Train travel is not particularly popular in Croatia. This does not prevent Deutsche Bahn from looking for train drivers there to work from home.

A train passes over a bridge with green iron struts towards the viewer.

Croatian train drivers are especially good at honking Photo: Davor Javorovic/Picture Alliance

While the train drivers here are on strike, in Croatia they continue to honk. Every cow town where the train driver meets a cousin or drinking buddy is greeted with a trumpet. The closer the driver gets to his home region, the more often he honks and, towards the end of the journey, does not stop at all.

Although you can walk alongside the train for many kilometers, it moves slowly between fantastic natural wonders and desolate industrial and logistical landscapes. The machinist continues to present himself as a pioneer of electrification.

Today it is mostly famous for the fact that it still exists and runs museum-worthy diesel locomotives on faltering single-track routes through the Karst, although outside the tourist season there is hardly anyone on the trains.

Deutsche Bahn now recruits these skilled workers precisely here. “We are looking for train drivers in Croatia,” announces the DB in Germany and even offers a “special bonus of 2,000 euros” for relevant information.

One, well, two railway lines

That's really fun. For all kinds of reasons:

1. Croatia has a whole zoo of diacritics in its ABC, there is even a letter with a character in the middle (the “đ” in “strojovođa”, train driver in Croatian). However, there are no gender symbols like the one in “Train Drivers.”

2. In Croatia only tourists really use the train. Everyone else takes the bus.

3. As described above, trains in Croatia are museum-worthy, rare and considered unsafe by locals (in 2020, at midnight on the Zagreb platform, a man with a can of beer spoke to me: “Any Have you ever taken a train? “It was his first time, he was 63 years old at the time and he had gotten drunk because he was very afraid of going to the sea).

4. Strictly speaking, Croatia has one, well, two railway lines: one runs from east to west and the other from north to south. On one route a train runs back and forth twice a day, on the other two trains share the work.

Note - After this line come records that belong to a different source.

section \<open>Empirical distributions\<close>

lemma sum_agents_eq_emp:
  fixes s :: "nat \<Rightarrow> 'x::finite" and g :: "'x \<Rightarrow> real"
  assumes "0 < n"
  shows "(\<Sum>i\<in>{0..<n}. g (s i)) = real n * (\<Sum>x\<in>UNIV. emp n s x * g x)"
proof -
  have "(\<Sum>i\<in>{0..<n}. g (s i)) = (\<Sum>x\<in>UNIV. \<Sum>i\<in>{i\<in>{0..<n}. s i = x}. g (s i))"
    by (rule sum.group[symmetric]) auto
  also have "\<dots> = (\<Sum>x\<in>UNIV. real (card {i\<in>{0..<n}. s i = x}) * g x)"
    by (rule sum.cong) auto
  also have "\<dots> = real n * (\<Sum>x\<in>UNIV. emp n s x * g x)"
    unfolding emp_def sum_distrib_left using assms by (intro sum.cong) auto
  finally show ?thesis .
qed

lemma emp_in_Mn:
  fixes s :: "nat \<Rightarrow> 'x::finite"
  assumes "0 < n"
  shows "emp n s \<in> Mn n"
proof -
  have "sum (emp n s) UNIV = 1"
    using sum_agents_eq_emp[OF assms, of "\<lambda>_. 1" s] assms by simp
  moreover have "card {i\<in>{0..<n}. s i = x} \<le> card {0..<n}" for x
    by (rule card_mono) auto
  ultimately show ?thesis
    unfolding Mn_def Delta_def by (auto simp: emp_def)
qed
(* Let $A\in\mathbb{R}^{n\times n}$ be symmetric. Let $V_N=[v_1,\ldots,v_N]\in\mathbb{R}^{n\times M}$, where each block vector $v_j$ has $n$ rows, and let $T_N\in\mathbb{R}^{M\times M}$ be a symmetric block tridiagonal matrix (with diagonal blocks $\alpha_j$, subdiagonal blocks $\beta_{j}$ and superdiagonal blocks $\beta_j^T$) such that the perturbed block Lanczos recurrence \[ AV_N=V_NT_N+\left[\Delta v_1,\ldots,\Delta v_{k-1},\Delta\widetilde v_k,\ldots,\Delta\widetilde v_N\right] \] holds (i.e. the recurrence terminates with $\beta_{N+1}=0$), where each perturbation block $\Delta v_j$, $\Delta \widetilde v_j$ has the same size as $v_j$, and \[ \max\left(\|\Delta v_1\|,\ldots,\|\Delta v_{k-1}\|,\|\Delta\widetilde v_k\|,\ldots,\|\Delta\widetilde v_N\|\right)\le\epsilon_2\|A\| \] for some $\epsilon_2>0$. Let $T_N=S_N\Theta_NS_N^T$ be a spectral decomposition with $S_N^TS_N=I$, $S_N=[s_1^{(N)},\ldots,s_M^{(N)}]$, $\Theta_N=\mathrm{diag}(\theta_1^{(N)},\ldots,\theta_M^{(N)})$, and define the Ritz vectors $z_i^{(N)}=V_Ns_i^{(N)}$. Suppose $\epsilon_1>0$ (independent of $i,j$) is such that for every Ritz pair $(\theta_i^{(N)},z_i^{(N)})$ with $\|z_i^{(N)}\|<0.5$ there exists a Ritz pair $(\theta_j^{(N)},z_j^{(N)})$ with \[ \|z_j^{(N)}\|\ge 0.5\quad\text{and}\quad|\theta_i^{(N)}-\theta_j^{(N)}|\le\epsilon_1\|A\|. \] Then each eigenvalue of $T_N$ lies within $3\max\left(\sqrt{N}\epsilon_2,\epsilon_1\right)\|A\|$ of an eigenvalue of $A$.
   Context: All norms are spectral (2-)norms. A "block vector" is an $n\times p_j$ matrix; $I_p$ and $0_p$ denote the $p\times p$ identity and zero matrices. *)

theory Defs
  imports "Jordan_Normal_Form.Char_Poly"
begin

definition vnorm :: "real vec \<Rightarrow> real" where
  "vnorm v = sqrt (\<Sum>i<dim_vec v. (v $ i)^2)"

definition spec_norm :: "real mat \<Rightarrow> real" where
  "spec_norm B = Sup {vnorm (B *\<^sub>v x) | x. x \<in> carrier_vec (dim_col B) \<and> vnorm x \<le> 1}"

(* column offset of block j, block sizes p 0, p 1, ... *)
definition blk_off :: "(nat \<Rightarrow> nat) \<Rightarrow> nat \<Rightarrow> nat" where
  "blk_off p j = (\<Sum>l<j. p l)"

definition blk_idx :: "(nat \<Rightarrow> nat) \<Rightarrow> nat \<Rightarrow> nat" where
  "blk_idx p c = (LEAST j. c < blk_off p (Suc j))"

(* horizontal concatenation [D 0, ..., D (N-1)] of n x p_j blocks *)
definition blk_concat :: "nat \<Rightarrow> (nat \<Rightarrow> nat) \<Rightarrow> nat \<Rightarrow> (nat \<Rightarrow> real mat) \<Rightarrow> real mat" where
  "blk_concat n p N D = mat n (blk_off p N)
     (\<lambda>(r, c). D (blk_idx p c) $$ (r, c - blk_off p (blk_idx p c)))"

definition block_tridiag :: "(nat \<Rightarrow> nat) \<Rightarrow> nat \<Rightarrow> real mat \<Rightarrow> bool" where
  "block_tridiag p N T \<longleftrightarrow>
     (\<forall>r < blk_off p N. \<forall>c < blk_off p N.
        blk_idx p c + 1 < blk_idx p r \<or> blk_idx p r + 1 < blk_idx p c \<longrightarrow> T $$ (r, c) = 0)"

end

theory Submission
  imports Defs "HOL-Analysis.Function_Topology" "HOL-Analysis.L2_Norm"
begin

(* A Ritz pair (theta_j, z_j = V s_j) has residual A z_j - theta_j z_j = E s_j, where the
   perturbation E = [Dv_1, ..., Dv_N] has norm at most sqrt N * eps2 * ||A|| because its blocks
   act on disjoint blocks of s_j. For symmetric A and any t, a unit vector minimising
   ||(A - t I) x|| yields an eigenvalue lam of A with |lam - t| equal to that minimum, so
   |lam - theta_j| * ||z_j|| <= ||E s_j||: Ritz values with ||z_j|| >= 1/2 lie within
   2 sqrt N eps2 ||A|| of the spectrum of A. Every eigenvalue of T is a Ritz value, and those
   with short Ritz vectors are within eps1 ||A|| of one with a long Ritz vector. *)

lemma vnorm_L2_set: "vnorm v = L2_set (\<lambda>i. v $ i) {..<dim_vec v}"
  unfolding vnorm_def L2_set_def by simp

lemma vnorm_nonneg [simp]: "0 \<le> vnorm v"
  unfolding vnorm_L2_set by simp

lemma vnorm_zero_vec [simp]: "vnorm (0\<^sub>v n) = 0"
  by (simp add: vnorm_def)

lemma vnorm_vec: "vnorm (vec n g) = sqrt (\<Sum>i<n. (g i)\<^sup>2)"
  unfolding vnorm_def by simp

lemma vnorm_square: "(vnorm v)\<^sup>2 = v \<bullet> v"
  unfolding vnorm_def scalar_prod_def
  by (simp add: sum_nonneg power2_eq_square atLeast0LessThan)

lemma vnorm_eq_0_iff:
  assumes "v \<in> carrier_vec n"
  shows "vnorm v = 0 \<longleftrightarrow> v = 0\<^sub>v n"
proof -
  have "vnorm v = 0 \<longleftrightarrow> (\<forall>i<n. v $ i = 0)"
    unfolding vnorm_L2_set using assms by (auto simp: L2_set_eq_0_iff)
  also have "\<dots> \<longleftrightarrow> v = 0\<^sub>v n"
    using assms by (auto simp: vec_eq_iff)
  finally show ?thesis .
qed

lemma vnorm_smult [simp]: "vnorm (a \<cdot>\<^sub>v v) = \<bar>a\<bar> * vnorm v"
proof -
  have "(\<Sum>i<dim_vec v. ((a \<cdot>\<^sub>v v) $ i)\<^sup>2) = a\<^sup>2 * (\<Sum>i<dim_vec v. (v $ i)\<^sup>2)"
    by (simp add: sum_distrib_left power_mult_distrib)
  then show ?thesis
    unfolding vnorm_def by (simp add: real_sqrt_mult)
qed

lemma abs_index_le_vnorm:
  assumes "i < dim_vec v"
  shows "\<bar>v $ i\<bar> \<le> vnorm v"
  unfolding vnorm_L2_set using member_le_L2_set[of "{..<dim_vec v}" i "\<lambda>i. \<bar>v $ i\<bar>"] assms
  by (simp add: L2_set_def)

lemma vnorm_mult_mat_vec_le_abs_sum:
  assumes "x \<in> carrier_vec (dim_col B)" "vnorm x \<le> 1"
  shows "vnorm (B *\<^sub>v x) \<le> (\<Sum>r<dim_row B. \<Sum>c<dim_col B. \<bar>B $$ (r, c)\<bar>)"
proof -
  have "\<bar>(B *\<^sub>v x) $ r\<bar> \<le> (\<Sum>c<dim_col B. \<bar>B $$ (r, c)\<bar>)" if "r < dim_row B" for r
  proof -
    have "\<bar>(B *\<^sub>v x) $ r\<bar> = \<bar>\<Sum>c<dim_col B. B $$ (r, c) * x $ c\<bar>"
      using that assms by (simp add: scalar_prod_def atLeast0LessThan)
    also have "\<dots> \<le> (\<Sum>c<dim_col B. \<bar>B $$ (r, c)\<bar> * \<bar>x $ c\<bar>)"
      unfolding abs_mult[symmetric] by (rule sum_abs)
    also have "\<dots> \<le> (\<Sum>c<dim_col B. \<bar>B $$ (r, c)\<bar>)"
      using assms by (intro sum_mono mult_left_le) (auto intro: order_trans[OF abs_index_le_vnorm])
    finally show ?thesis .
  qed
  then have "(\<Sum>r<dim_row B. \<bar>(B *\<^sub>v x) $ r\<bar>) \<le> (\<Sum>r<dim_row B. \<Sum>c<dim_col B. \<bar>B $$ (r, c)\<bar>)"
    by (intro sum_mono) simp
  then show ?thesis
    using L2_set_le_sum_abs[of "\<lambda>r. (B *\<^sub>v x) $ r" "{..<dim_row B}"]
    unfolding vnorm_L2_set by simp
qed

lemma spec_norm_upper:
  assumes "x \<in> carrier_vec (dim_col B)" "vnorm x \<le> 1"
  shows "vnorm (B *\<^sub>v x) \<le> spec_norm B"
  unfolding spec_norm_def
proof (rule cSup_upper)
  show "bdd_above {vnorm (B *\<^sub>v x) | x. x \<in> carrier_vec (dim_col B) \<and> vnorm x \<le> 1}"
    using vnorm_mult_mat_vec_le_abs_sum[of _ B] unfolding bdd_above_def by blast
qed (use assms in blast)

lemma spec_norm_nonneg: "0 \<le> spec_norm B"
proof -
  have "vnorm (B *\<^sub>v 0\<^sub>v (dim_col B)) \<le> spec_norm B"
    by (rule spec_norm_upper) auto
  then show ?thesis
    using vnorm_nonneg order_trans by blast
qed

lemma vnorm_mult_mat_vec_normalize:
  assumes "x \<in> carrier_vec (dim_col B)" "vnorm x > 0"
  shows "vnorm (B *\<^sub>v x) = vnorm x * vnorm (B *\<^sub>v ((1 / vnorm x) \<cdot>\<^sub>v x))"
  using assms by (simp add: mult_mat_vec[of B "dim_row B" "dim_col B"])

So why is the railway looking for trained drivers precisely in Croatia?

Reward of 2,000 euros

But what irritates the most is the “special bonus” of 2,000 euros. The amount of this reward can only be found in the advertisement with two gender points. On the Croatian side of the DB, however, there is no mention of such a high special bonus for the placement of locomotive drivers. The bonuses are staggered as follows: whoever places a DB employee as an intern or student receives 500 euros. There is 1,000 euros for someone who works for a limited time. And 1,500 euros for a qualified worker who is hired for an unlimited period.

Nothing against bonuses. Croatians also use them to attract foreigners. What for Germans is a shortage of skilled workers, for Croatians is a decline in population. As in Italy, there are Croatian communities selling unfinished or uninhabitable houses at bargain prices to breathe new life into their dying towns.

13 cents for a house

For example, for 13 cents you can buy a house in the town of Legrad, with 2,000 inhabitants, on the border between Croatia and Hungary (distance to the Adriatic: 280 km, distance to the nearest train station: 20 km). As a reward, the buyer will receive a bonus of a few thousand euros for the renovation.

I sent the railway job advertisement to all my Croatian relatives. Nobody wants to apply. They would prefer to know how to get tickets for the Euro Cup. The request to UEFA for tickets for the preliminary round matches was unsuccessful. If tickets are booked successfully, they offer a special bonus.